Task brief -
Take each line of the material that includes "auto" and copy it.
────────
lemma radius_bounds_of_min_condition:
  fixes \<sigma> \<gamma> \<kappa> E C :: real
  assumes \<sigma>: "0 < \<sigma>" and \<gamma>: "0 \<le> \<gamma>" and \<kappa>: "0 \<le> \<kappa>" and E: "0 \<le> E"
    and cond: "if \<gamma> * \<kappa> = 0 then E \<le> \<sigma> * C / 2 else E \<le> min (\<sigma>^2 / (4 * \<gamma> * \<kappa>)) (\<sigma> * C / 2)"
  shows "2 * E / \<sigma> \<le> C" and "\<gamma> * \<kappa> * (2 * E / \<sigma>)^2 \<le> E"
proof -
  have "E \<le> \<sigma> * C / 2"
    using cond by (auto split: if_splits)
  then show "2 * E / \<sigma> \<le> C"
    using \<sigma> by (simp add: field_simps)
  show "\<gamma> * \<kappa> * (2 * E / \<sigma>)^2 \<le> E"
  proof (cases "\<gamma> * \<kappa> = 0")
    case True
    then show ?thesis using E by auto
  next
    case False
    then have "0 < \<gamma> * \<kappa>"
      using \<gamma> \<kappa> by (simp add: less_le)
    moreover have "E \<le> \<sigma>^2 / (4 * \<gamma> * \<kappa>)"
      using cond False by simp
    ultimately have "4 * (\<gamma> * \<kappa>) * E \<le> \<sigma>^2"
      by (simp add: field_simps)
    then have "4 * (\<gamma> * \<kappa>) * E * E \<le> \<sigma>^2 * E"
      using E by (rule mult_right_mono)
    then show ?thesis
      using \<sigma> by (simp add: field_simps power2_eq_square)
  qed
qed

theorem mainTheorem11:
  fixes \<phi> C1 C2 :: real
    and b b1 b2 b3 :: "real \<Rightarrow> real"
    and n p j :: nat and N2 :: "nat set"
    and \<theta> \<theta>s :: "nat \<Rightarrow> real^'r" and As :: "nat \<Rightarrow> real^'r"
    and y \<omega> :: "nat \<Rightarrow> nat \<Rightarrow> real"
  assumes phi_pos: "\<phi> > 0"
    and b1: "\<And>x. (b has_real_derivative b1 x) (at x)"
    and b2: "\<And>x. (b1 has_real_derivative b2 x) (at x)"
    and b3: "\<And>x. (b2 has_real_derivative b3 x) (at x)"
    and b3_cont: "continuous_on UNIV b3"
    and b2_pos: "\<And>x. b2 x > 0"
    and N2_sub: "N2 \<subseteq> {1..n}" and N2_ne: "N2 \<noteq> {}"
    and omega01: "\<And>i k. \<omega> i k \<in> {0, 1}"
    and C1_pos: "C1 > 0" and C2_pos: "C2 > 0"
    and j: "j \<in> {1..p}"
    and Theta_bd: "\<forall>i\<in>N2. norm (\<theta> i) \<le> C1"
    and Thetas_bd: "\<forall>i\<in>N2. norm (\<theta>s i) \<le> C1"
    and As_bd: "\<forall>k\<in>{1..p}. norm (As k) \<le> C2"
    and sigma_pos: "sigma_min (I2 b2 N2 (\<lambda>i. \<omega> i j) \<theta> \<theta>s (As j)) > 0"
    and cond:
      "let \<sigma> = sigma_min (I2 b2 N2 (\<lambda>i. \<omega> i j) \<theta> \<theta>s (As j));
           \<kappa> = kappa3 b3 (3 * C1 * C2);
           \<gamma> = gamma2 N2 (\<lambda>i. \<omega> i j) \<theta>;
           E = norm (ZOmegaTheta b1 N2 (\<lambda>i. \<omega> i j) (\<lambda>i. y i j) \<theta> \<theta>s (As j))
               + norm (B2 b2 N2 (\<lambda>i. \<omega> i j) \<theta> \<theta>s (As j))
               + beta2 N2 (\<lambda>i. \<omega> i j) \<theta> \<theta>s (As j) * \<kappa>
       in (if \<gamma> * \<kappa> = 0 then E \<le> \<sigma> * C2 / 2
           else E \<le> min (\<sigma>^2 / (4 * \<gamma> * \<kappa>)) (\<sigma> * C2 / 2))"
  shows "\<exists>a :: real^'r.
           S2 \<phi> b1 N2 (\<lambda>i. \<omega> i j) (\<lambda>i. y i j) \<theta> a = 0 \<and>
           norm (a - As j) \<le> 2 / sigma_min (I2 b2 N2 (\<lambda>i. \<omega> i j) \<theta> \<theta>s (As j)) *
              (norm (ZOmegaTheta b1 N2 (\<lambda>i. \<omega> i j) (\<lambda>i. y i j) \<theta> \<theta>s (As j))
               + norm (B2 b2 N2 (\<lambda>i. \<omega> i j) \<theta> \<theta>s (As j))
               + beta2 N2 (\<lambda>i. \<omega> i j) \<theta> \<theta>s (As j) * kappa3 b3 (3 * C1 * C2)) \<and>
           norm (a - As j) \<le> C2"
proof -
  define \<sigma> where "\<sigma> = sigma_min (I2 b2 N2 (\<lambda>i. \<omega> i j) \<theta> \<theta>s (As j))"
  define \<kappa> where "\<kappa> = kappa3 b3 (3 * C1 * C2)"
  define \<gamma> where "\<gamma> = gamma2 N2 (\<lambda>i. \<omega> i j) \<theta>"
  define E where "E = norm (ZOmegaTheta b1 N2 (\<lambda>i. \<omega> i j) (\<lambda>i. y i j) \<theta> \<theta>s (As j))
    + norm (B2 b2 N2 (\<lambda>i. \<omega> i j) \<theta> \<theta>s (As j)) + beta2 N2 (\<lambda>i. \<omega> i j) \<theta> \<theta>s (As j) * \<kappa>"
  have w: "0 \<le> \<omega> i j" for i
    using omega01[of i j] by auto
  have a: "norm (As j) \<le> C2"
    using As_bd j by blast
  have \<alpha>: "0 \<le> 3 * C1 * C2" "2 * C1 * C2 \<le> 3 * C1 * C2"
    using C1_pos C2_pos by simp_all
  have \<kappa>: "0 \<le> \<kappa>"
    unfolding \<kappa>_def using kappa3_nonneg[OF b3_cont \<alpha>(1)] .
  have "0 \<le> E"
    unfolding E_def using \<kappa> beta2_nonneg[where w = "\<lambda>i. \<omega> i j", OF w]
    by (intro add_nonneg_nonneg mult_nonneg_nonneg norm_ge_zero)
  then have "2 * E / \<sigma> \<le> C2" "\<gamma> * \<kappa> * (2 * E / \<sigma>)^2 \<le> E"
    using radius_bounds_of_min_condition[of \<sigma> \<gamma> \<kappa> E C2] sigma_pos \<kappa> gamma2_nonneg[where w = "\<lambda>i. \<omega> i j", OF w]
      cond unfolding Let_def \<sigma>_def \<kappa>_def \<gamma>_def E_def by blast+
  then obtain d where "norm d \<le> 2 * E / \<sigma>" "S2 \<phi> b1 N2 (\<lambda>i. \<omega> i j) (\<lambda>i. y i j) \<theta> (As j + d) = 0"
    using S2_has_zero_in_ball[OF b2 b3 b3_cont w Theta_bd Thetas_bd a \<alpha> sigma_pos]
    unfolding \<sigma>_def \<kappa>_def \<gamma>_def E_def by blast
  with \<open>2 * E / \<sigma> \<le> C2\<close> show ?thesis
    unfolding \<sigma>_def \<kappa>_def E_def by (intro exI[of _ "As j + d"]) auto
qed

end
────────
Your solution -
    using cond by (auto split: if_splits)
    then show ?thesis using E by auto
    using omega01[of i j] by auto
    unfolding \<sigma>_def \<kappa>_def E_def by (intro exI[of _ "As j + d"]) auto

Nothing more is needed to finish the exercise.